=== DESCRIPTION OF THE TASK ===
Say only how many lines in the entries below contain the word "assumes".

+++++

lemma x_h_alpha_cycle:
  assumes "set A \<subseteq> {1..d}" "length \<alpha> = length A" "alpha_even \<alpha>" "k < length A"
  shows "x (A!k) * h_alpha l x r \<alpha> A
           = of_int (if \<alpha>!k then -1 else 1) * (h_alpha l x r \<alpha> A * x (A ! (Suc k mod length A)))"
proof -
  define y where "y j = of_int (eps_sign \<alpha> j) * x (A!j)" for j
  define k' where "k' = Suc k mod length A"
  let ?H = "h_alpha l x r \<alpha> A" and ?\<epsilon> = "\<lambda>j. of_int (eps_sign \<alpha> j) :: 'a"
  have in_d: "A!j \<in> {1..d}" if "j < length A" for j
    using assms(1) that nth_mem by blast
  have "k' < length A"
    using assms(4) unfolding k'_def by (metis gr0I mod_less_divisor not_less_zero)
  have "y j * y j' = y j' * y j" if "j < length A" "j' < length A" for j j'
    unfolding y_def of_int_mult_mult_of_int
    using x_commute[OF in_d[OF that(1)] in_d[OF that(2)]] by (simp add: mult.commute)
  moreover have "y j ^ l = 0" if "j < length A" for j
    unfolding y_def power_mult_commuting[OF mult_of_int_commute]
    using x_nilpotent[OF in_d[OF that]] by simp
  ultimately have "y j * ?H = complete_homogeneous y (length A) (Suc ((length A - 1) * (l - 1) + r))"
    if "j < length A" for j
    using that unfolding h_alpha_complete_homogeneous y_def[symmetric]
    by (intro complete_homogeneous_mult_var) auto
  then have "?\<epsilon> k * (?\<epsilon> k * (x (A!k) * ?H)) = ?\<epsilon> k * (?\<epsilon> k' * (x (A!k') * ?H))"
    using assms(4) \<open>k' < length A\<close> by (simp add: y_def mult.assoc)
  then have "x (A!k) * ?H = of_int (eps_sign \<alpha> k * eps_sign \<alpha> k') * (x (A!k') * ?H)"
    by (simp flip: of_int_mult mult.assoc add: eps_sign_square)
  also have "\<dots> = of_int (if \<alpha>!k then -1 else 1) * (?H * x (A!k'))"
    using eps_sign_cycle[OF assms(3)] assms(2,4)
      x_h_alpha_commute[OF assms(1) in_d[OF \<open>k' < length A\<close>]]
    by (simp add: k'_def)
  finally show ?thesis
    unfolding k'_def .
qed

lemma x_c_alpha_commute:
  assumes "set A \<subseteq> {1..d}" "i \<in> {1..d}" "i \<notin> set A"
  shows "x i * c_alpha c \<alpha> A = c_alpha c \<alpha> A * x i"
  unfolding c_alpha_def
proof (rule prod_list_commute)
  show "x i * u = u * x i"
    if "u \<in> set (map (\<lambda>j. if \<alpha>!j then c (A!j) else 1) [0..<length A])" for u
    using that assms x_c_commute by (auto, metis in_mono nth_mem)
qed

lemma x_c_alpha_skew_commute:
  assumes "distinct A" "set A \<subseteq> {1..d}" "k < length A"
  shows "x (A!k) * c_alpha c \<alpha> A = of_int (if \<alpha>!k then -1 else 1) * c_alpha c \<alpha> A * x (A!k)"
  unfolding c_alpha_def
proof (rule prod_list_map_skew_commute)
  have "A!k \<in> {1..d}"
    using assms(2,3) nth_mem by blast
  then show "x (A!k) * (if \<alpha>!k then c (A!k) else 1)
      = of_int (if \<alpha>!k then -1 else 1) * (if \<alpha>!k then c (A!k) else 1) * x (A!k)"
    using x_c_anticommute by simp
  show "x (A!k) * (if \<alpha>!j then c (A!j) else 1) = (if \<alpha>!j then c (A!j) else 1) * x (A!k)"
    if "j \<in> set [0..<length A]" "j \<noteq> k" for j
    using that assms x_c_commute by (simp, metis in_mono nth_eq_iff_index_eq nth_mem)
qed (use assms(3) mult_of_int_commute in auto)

+++++

=== RESPONSE BOX ===
3